Recuerdo que escritor hizo notar que se sentía como candidato a gobernador en
campaña. Otra anécdota se dio con Ofelia Medina. Yo era director de cultura en
Torreón y el área presentaría en el TIM un monólogo de la actriz. En la mañana
del ensayo vine a saludarla como una deferencia y en ese momento no sé qué pasó
que se requería un técnico más en el área de iluminación o audio. Ofelia no lo
dudó y me pidió que entrara a la sala de controles para que yo apoyara bajando
y subiendo unas palanquitas. La última anécdota que contaré aquí es la que se
dio con Diego Luna, quien venía a exponer también un monólogo. Uno de los
coorganizadores del gobierno estatal me dijo que el actor necesitaba, como parte
de su utilería para la escena, una máquina de escribir no descompuesta. Me
preguntó que si yo tenía una, le respondí que sí, y prometió devolvérmela
apenas terminara la representación. Vine a ver la obra, vi que Luna tecleaba en
mi máquina con preocupante furia, y al final creo pasaron dos años para que el
funcionario y yo nos coordináramos hasta ver de regreso la Olympia que todavía
conservo, por suerte no descompuesta.
En
suma, la relación que uno tiene con las cosas y con los espacios es lo que
afianza el cariño, diría incluso que el amor.
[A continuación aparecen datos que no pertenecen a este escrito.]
(* Assume the regularity estimate $t\|u'(t)\|+t^2\|u''(t)\|+t^3\|u'''(t)\|\le Ct^\sigma$ ($t>0$) holds for some $\sigma>0$, and the time mesh is $t_n=(n\tau)^\gamma$ with $\gamma\ge1$. Then for $1\le n\le N$, with $\delta=\sigma-2/\gamma$, \[ \|\psi^n\|\le\|\psi\|_{I_n}\le C\times\begin{cases}\tau^2\log(t_n/t_1),&\text{if }\gamma=2/\sigma,\\ \tau^{\min(\gamma\sigma,2)}t_n^{\max(0,\delta)},&\text{if }\gamma\ne2/\sigma,\end{cases} \] where $\|\psi\|_{I_n}=\sup_{t\in I_n}\|\psi(t)\|$.
   Context: $\Omega\subset\mathbb{R}^d$ ($d\le3$) convex polyhedron, $0<\alpha<1$, $\kappa\in W^{1,\infty}(\Omega)$, $\kappa\ge\kappa_{\min}>0$, $\mathcal{A}w=-\nabla\cdot(\kappa\nabla w)$; $u$ solves $\partial_t^\alpha u+\mathcal{A}u=f$ on $\Omega\times(0,T]$ with $u=0$ on $\partial\Omega$, $u(0)=u_0$ (Caputo derivative $\partial_t^\alpha v(t)=\int_0^t\frac{(t-s)^{-\alpha}}{\Gamma(1-\alpha)}v'(s)\,ds$). $\|\cdot\|$ is the $L^2(\Omega)$ norm. Time mesh $t_n=(n\tau)^\gamma$, $0\le n\le N$, $\tau=T^{1/\gamma}/N$, $\tau_n=t_n-t_{n-1}$, $I_n=(t_{n-1},t_n)$. $\widehat u$ is continuous on $[0,T]$, linear on each $\overline{I_n}$, $\widehat u(0)=u_0$, $\int_{I_n}\widehat u\,dt=\int_{I_n}u\,dt$ for $1\le n\le N$; $\psi=u-\widehat u$, $\psi^n=\psi(t_n)$. $C$ is a generic constant, bounded for $0<\alpha\le1$, independent of $N,\tau$. *)

theory Defs
  imports "HOL-Analysis.Analysis"
begin

definition tstep :: "real \<Rightarrow> real \<Rightarrow> nat \<Rightarrow> real" where
  "tstep T \<gamma> N = T powr (1 / \<gamma>) / real N"

definition mesh :: "real \<Rightarrow> real \<Rightarrow> nat \<Rightarrow> nat \<Rightarrow> real" where
  "mesh T \<gamma> N n = (real n * tstep T \<gamma> N) powr \<gamma>"

definition is_avg_interp ::
  "(real \<Rightarrow> 'a::real_normed_vector) \<Rightarrow> (nat \<Rightarrow> real) \<Rightarrow> nat \<Rightarrow> (real \<Rightarrow> 'a) \<Rightarrow> bool" where
  "is_avg_interp u t N uh \<longleftrightarrow>
     continuous_on {0 .. t N} uh \<and>
     uh 0 = u 0 \<and>
     (\<forall>n\<in>{1..N}. \<forall>s\<in>{t (n-1) .. t n}.
        uh s = ((t n - s) / (t n - t (n-1))) *\<^sub>R uh (t (n-1))
             + ((s - t (n-1)) / (t n - t (n-1))) *\<^sub>R uh (t n)) \<and>
     (\<forall>n\<in>{1..N}. integral {t (n-1) .. t n} uh = integral {t (n-1) .. t n} u)"

end

theory Submission
  imports Defs
begin

(* Write h_j = t_j - t_(j-1) and e_j = psi^j. Because the interpolant is linear on I_j and has the
   same mean as u there, e_j + e_(j-1) is twice the error of the trapezoidal rule for u on I_j. By
   Taylor's theorem that error is h_j^2 u''(t_(j-1)) / 12 up to O(h_j^3 |u'''|) for j >= 2. After
   subtracting this leading term, the alternating recursion telescopes, so |e_n| is bounded by
   the sum over j of the increments of the leading term and of the remainders. On the graded mesh
   (h_j <= gamma t_j / j, with t_j / t_(j-1) bounded) each summand is O(tau^(gamma sigma) j^(gamma sigma - 3)),
   and summing gives tau^(gamma sigma) times n^(gamma sigma - 2), 1 + log n or 1, according to the
   sign of gamma sigma - 2. On I_1 only u' is controlled, and |u t - u 0| <= M t^sigma / sigma takes
   the place of Taylor's theorem. Inside I_n, psi is the interpolation error of u plus a convex
   combination of e_(n-1) and e_n; by continuity |e_n| is at most the supremum over I_n. *)

section \<open>Vector-valued calculus on an interval\<close>

lemma vector_mean_value_bound:
  fixes f :: "real \<Rightarrow> 'a::real_normed_vector"
  assumes "\<And>s. s \<in> {lo..hi} \<Longrightarrow> (f has_vector_derivative f' s) (at s within {lo..hi})"
    and "\<And>s. s \<in> {lo..hi} \<Longrightarrow> norm (f' s) \<le> B"
    and "x \<in> {lo..hi}" "y \<in> {lo..hi}"
  shows "norm (f x - f y) \<le> B * \<bar>x - y\<bar>"
proof -
  have "norm (f x - f y) \<le> B * norm (x - y)"
  proof (rule differentiable_bound[where f'="\<lambda>s h. h *\<^sub>R f' s"])
    show "(f has_derivative (\<lambda>h. h *\<^sub>R f' s)) (at s within {lo..hi})" if "s \<in> {lo..hi}" for s
      using assms(1)[OF that] by (simp add: has_vector_derivative_def)
    show "onorm (\<lambda>h. h *\<^sub>R f' s) \<le> B" if "s \<in> {lo..hi}" for s
      using assms(2)[OF that] onorm_scaleR_left[OF bounded_linear_ident, of "f' s"]
      by (simp add: onorm_id)
  qed (use assms in auto)
  then show ?thesis by simp
qed

lemma has_vector_derivative_scaleR_const:
  assumes "(g has_real_derivative g') (at x within S)"
  shows "((\<lambda>y. g y *\<^sub>R v) has_vector_derivative (g' *\<^sub>R v)) (at x within S)"
  using has_vector_derivative_scaleR[OF assms has_vector_derivative_const[of v]] by simp

lemma taylor_order2_remainder:
  fixes f :: "real \<Rightarrow> 'a::real_normed_vector"
  assumes d1: "\<And>s. s \<in> {lo..hi} \<Longrightarrow> (f has_vector_derivative f1 s) (at s within {lo..hi})"
    and d2: "\<And>s. s \<in> {lo..hi} \<Longrightarrow> (f1 has_vector_derivative f2 s) (at s within {lo..hi})"
    and bound: "\<And>s. s \<in> {lo..hi} \<Longrightarrow> norm (f2 s) \<le> K"
    and a: "a \<in> {lo..hi}" and x: "x \<in> {lo..hi}"
  shows "norm (f x - f a - (x - a) *\<^sub>R f1 a) \<le> K * (x - a)\<^sup>2"
proof -
  let ?S = "{min a x..max a x}"
  have sub: "?S \<subseteq> {lo..hi}" using a x by auto
  have "norm (f x - f a - (x - a) *\<^sub>R f1 a) \<le> norm (x - a) * (K * \<bar>x - a\<bar>)"
  proof (rule vector_differentiable_bound_linearization)
    show "(f has_vector_derivative f1 s) (at s within ?S)" if "s \<in> ?S" for s
      using has_vector_derivative_within_subset[OF d1 sub] that sub by blast
    show "norm (f1 s - f1 a) \<le> K * \<bar>x - a\<bar>" if "s \<in> ?S" for s
    proof -
      have "norm (f1 s - f1 a) \<le> K * \<bar>s - a\<bar>"
        using vector_mean_value_bound[OF d2 bound] that sub a by blast
      also have "\<dots> \<le> K * \<bar>x - a\<bar>"
        using that order_trans[OF norm_ge_zero bound[OF a]] by (intro mult_left_mono) auto
      finally show ?thesis .
    qed
  qed (auto simp: closed_segment_eq_real_ivl)
  then show ?thesis by (simp add: power2_eq_square mult_ac)
qed

lemma taylor_order3_remainder:
  fixes f :: "real \<Rightarrow> 'a::real_normed_vector"
  assumes d1: "\<And>s. s \<in> {lo..hi} \<Longrightarrow> (f has_vector_derivative f1 s) (at s within {lo..hi})"
    and d2: "\<And>s. s \<in> {lo..hi} \<Longrightarrow> (f1 has_vector_derivative f2 s) (at s within {lo..hi})"
    and d3: "\<And>s. s \<in> {lo..hi} \<Longrightarrow> (f2 has_vector_derivative f3 s) (at s within {lo..hi})"
    and bound: "\<And>s. s \<in> {lo..hi} \<Longrightarrow> norm (f3 s) \<le> K"
    and a: "a \<in> {lo..hi}" and x: "x \<in> {lo..hi}"
  shows "norm (f x - f a - (x - a) *\<^sub>R f1 a - ((x - a)\<^sup>2 / 2) *\<^sub>R f2 a) \<le> K * \<bar>x - a\<bar> ^ 3"
proof -
  let ?S = "{min a x..max a x}"
  have sub: "?S \<subseteq> {lo..hi}" using a x by auto
  let ?g = "\<lambda>y. f y - ((y - a)\<^sup>2 / 2) *\<^sub>R f2 a"
  let ?g' = "\<lambda>y. f1 y - (y - a) *\<^sub>R f2 a"
  have "norm (?g x - ?g a - (x - a) *\<^sub>R ?g' a) \<le> norm (x - a) * (K * (x - a)\<^sup>2)"
  proof (rule vector_differentiable_bound_linearization[where f = ?g and f' = ?g' and S = ?S])
    show "(?g has_vector_derivative ?g' s) (at s within ?S)" if "s \<in> ?S" for s
    proof -
      have "(f has_vector_derivative f1 s) (at s within ?S)"
        using has_vector_derivative_within_subset[OF d1 sub] that sub by blast
      moreover have "((\<lambda>y. (y - a)\<^sup>2 / 2) has_real_derivative (s - a)) (at s within ?S)"
        by (auto intro!: derivative_eq_intros)
      ultimately show ?thesis
        by (intro has_vector_derivative_diff has_vector_derivative_scaleR_const)
    qed
    show "norm (?g' s - ?g' a) \<le> K * (x - a)\<^sup>2" if "s \<in> ?S" for s
    proof -
      have "norm (?g' s - ?g' a) \<le> K * (s - a)\<^sup>2"
        using taylor_order2_remainder[OF d2 d3 bound a, of s] subsetD[OF sub that]
        by (simp add: algebra_simps)
      also have "\<dots> \<le> K * (x - a)\<^sup>2"
        using that order_trans[OF norm_ge_zero bound[OF a]]
        by (intro mult_left_mono) (auto simp: abs_le_square_iff[symmetric])
      finally show ?thesis .
    qed
  qed (auto simp: closed_segment_eq_real_ivl)
  then show ?thesis by (simp add: power2_eq_square power3_eq_cube abs_mult mult_ac algebra_simps)
qed

lemma norm_convex_comb_le_max:
  fixes x y :: "'a::real_normed_vector"
  assumes "0 \<le> l" "0 \<le> m" "l + m = 1"
  shows "norm (l *\<^sub>R x + m *\<^sub>R y) \<le> max (norm x) (norm y)"
proof -
  have "norm (l *\<^sub>R x + m *\<^sub>R y) \<le> l * norm x + m * norm y"
    by (rule order_trans[OF norm_triangle_ineq]) (simp add: assms)
  also have "\<dots> \<le> l * max (norm x) (norm y) + m * max (norm x) (norm y)"
    using assms by (intro add_mono mult_left_mono) auto
  finally show ?thesis using assms(3) by (simp add: algebra_simps flip: distrib_right)
qed

lemma interval_weights:
  fixes a b s :: real
  assumes "a < b" "s \<in> {a..b}"
  shows "0 \<le> (b - s) / (b - a)" "0 \<le> (s - a) / (b - a)" "(b - s) / (b - a) + (s - a) / (b - a) = 1"
proof -
  show "0 \<le> (b - s) / (b - a)" "0 \<le> (s - a) / (b - a)" using assms by (auto intro!: divide_nonneg_pos)
  have "(b - s) / (b - a) + (s - a) / (b - a) = ((b - s) + (s - a)) / (b - a)"
    by (rule add_divide_distrib[symmetric])
  then show "(b - s) / (b - a) + (s - a) / (b - a) = 1" using assms by simp
qed

lemma linear_interpolation_error_le:
  fixes f :: "real \<Rightarrow> 'a::real_normed_vector"
  assumes ab: "a < b" and s: "s \<in> {a..b}"
    and d1: "\<And>x. x \<in> {a..b} \<Longrightarrow> (f has_vector_derivative f1 x) (at x within {a..b})"
    and d2: "\<And>x. x \<in> {a..b} \<Longrightarrow> (f1 has_vector_derivative f2 x) (at x within {a..b})"
    and bound: "\<And>x. x \<in> {a..b} \<Longrightarrow> norm (f2 x) \<le> K"
  shows "norm (f s - (((b - s) / (b - a)) *\<^sub>R f a + ((s - a) / (b - a)) *\<^sub>R f b)) \<le> K * (b - a)\<^sup>2"
proof -
  define l m where "l = (b - s) / (b - a)" and "m = (s - a) / (b - a)"
  have lm: "0 \<le> l" "0 \<le> m" "l + m = 1" using interval_weights[OF ab s] by (simp_all add: l_def m_def)
  have "- (l *\<^sub>R (f a - f s - (a - s) *\<^sub>R f1 s) + m *\<^sub>R (f b - f s - (b - s) *\<^sub>R f1 s))
      = (l + m) *\<^sub>R f s - (l *\<^sub>R f a + m *\<^sub>R f b) + (l * (a - s) + m * (b - s)) *\<^sub>R f1 s"
    by (simp add: algebra_simps)
  moreover have "l * (a - s) + m * (b - s) = 0" using ab by (simp add: l_def m_def field_simps)
  ultimately have "f s - (l *\<^sub>R f a + m *\<^sub>R f b)
      = - (l *\<^sub>R (f a - f s - (a - s) *\<^sub>R f1 s) + m *\<^sub>R (f b - f s - (b - s) *\<^sub>R f1 s))"
    using lm(3) by simp
  then have "norm (f s - (l *\<^sub>R f a + m *\<^sub>R f b))
      \<le> max (norm (f a - f s - (a - s) *\<^sub>R f1 s)) (norm (f b - f s - (b - s) *\<^sub>R f1 s))"
    using norm_convex_comb_le_max[OF lm] by (simp only: norm_minus_cancel)
  also have "\<dots> \<le> K * (b - a)\<^sup>2"
  proof -
    have K: "0 \<le> K" using order_trans[OF norm_ge_zero bound[OF s]] .
    have "norm (f x - f s - (x - s) *\<^sub>R f1 s) \<le> K * (b - a)\<^sup>2" if x: "x \<in> {a..b}" for x
    proof -
      have "norm (f x - f s - (x - s) *\<^sub>R f1 s) \<le> K * (x - s)\<^sup>2"
        by (rule taylor_order2_remainder[OF d1 d2 bound s x])
      also have "\<dots> \<le> K * (b - a)\<^sup>2"
        using K x s by (intro mult_left_mono) (auto simp: abs_le_square_iff[symmetric])
      finally show ?thesis .
    qed
    then show ?thesis using ab by simp
  qed
  finally show ?thesis by (simp add: l_def m_def)
qed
Me podrán decir que el
Metropolitan de Nueva York o La Scala de Milán son más grandes, famosos y
bonitos, pero más allá del respeto que uno puede tener por esos iconos de la
cultura mundial, a mí me concierne y me emociona el Teatro Martínez. Junto a su
fachada, sus muros interiores, sus butacas, su escenario, sus luces y sus
murales he pasado muchas horas felices de mi vida y es aquí, en este recinto,
donde mi emoción calza a la medida, donde me siento en casa, bienvenido
siempre.
Aquí
he visto y escuchado además a la Camerata de Coahuila, el Festival de la
Canción de la Esperanza, la Banda Municipal, espectáculos de baile
diversificado en ballet, tango, folclor y jazz; obras de teatro locales, el Festival
internacional de piano, recitales de academias como los organizados por la
maestra Mariana Chabukiani, conferencias, exposiciones, informes de gobierno y
el Festival de la Palabra, entre muchísimas otras actividades. Además, cómo no
voy a considerar que el teatro es mi casa si aquí, en este escenario, vi bailar
ballet a mis hijas cuando tenían menos de diez años y tomaban clases en la Academia
Nijinsky.
El
Teatro Isauro Martínez es, en suma, un sitio que me atañe de manera honda y es
parte esencial de mi laguneridad, y
supongo que muchos podrán adherir al sentimiento que he compartido. Celebro por
ello su nonagésimo quinto aniversario, y más celebro que haya sido rescatado de
la barbarie y que actualmente goce de muy buena salud arquitectónica y
administrativa, garantía de que este tesoro artístico, patrimonio de los
laguneros, nos sobrevivirá, llegará fácil a su centenario y nunca más estará en
riesgo de usos denigrantes o, lo que es mucho peor, de demolición.
Muchas gracias por escucharme y larga vida a este teatro que tanto nos enorgullece.
Nota. Texto leído el 5 de marzo de 2025 en la sala principal del Teatro Isauro Martínez. Compartí mesa con la doctora Laura Orellana Trinidad.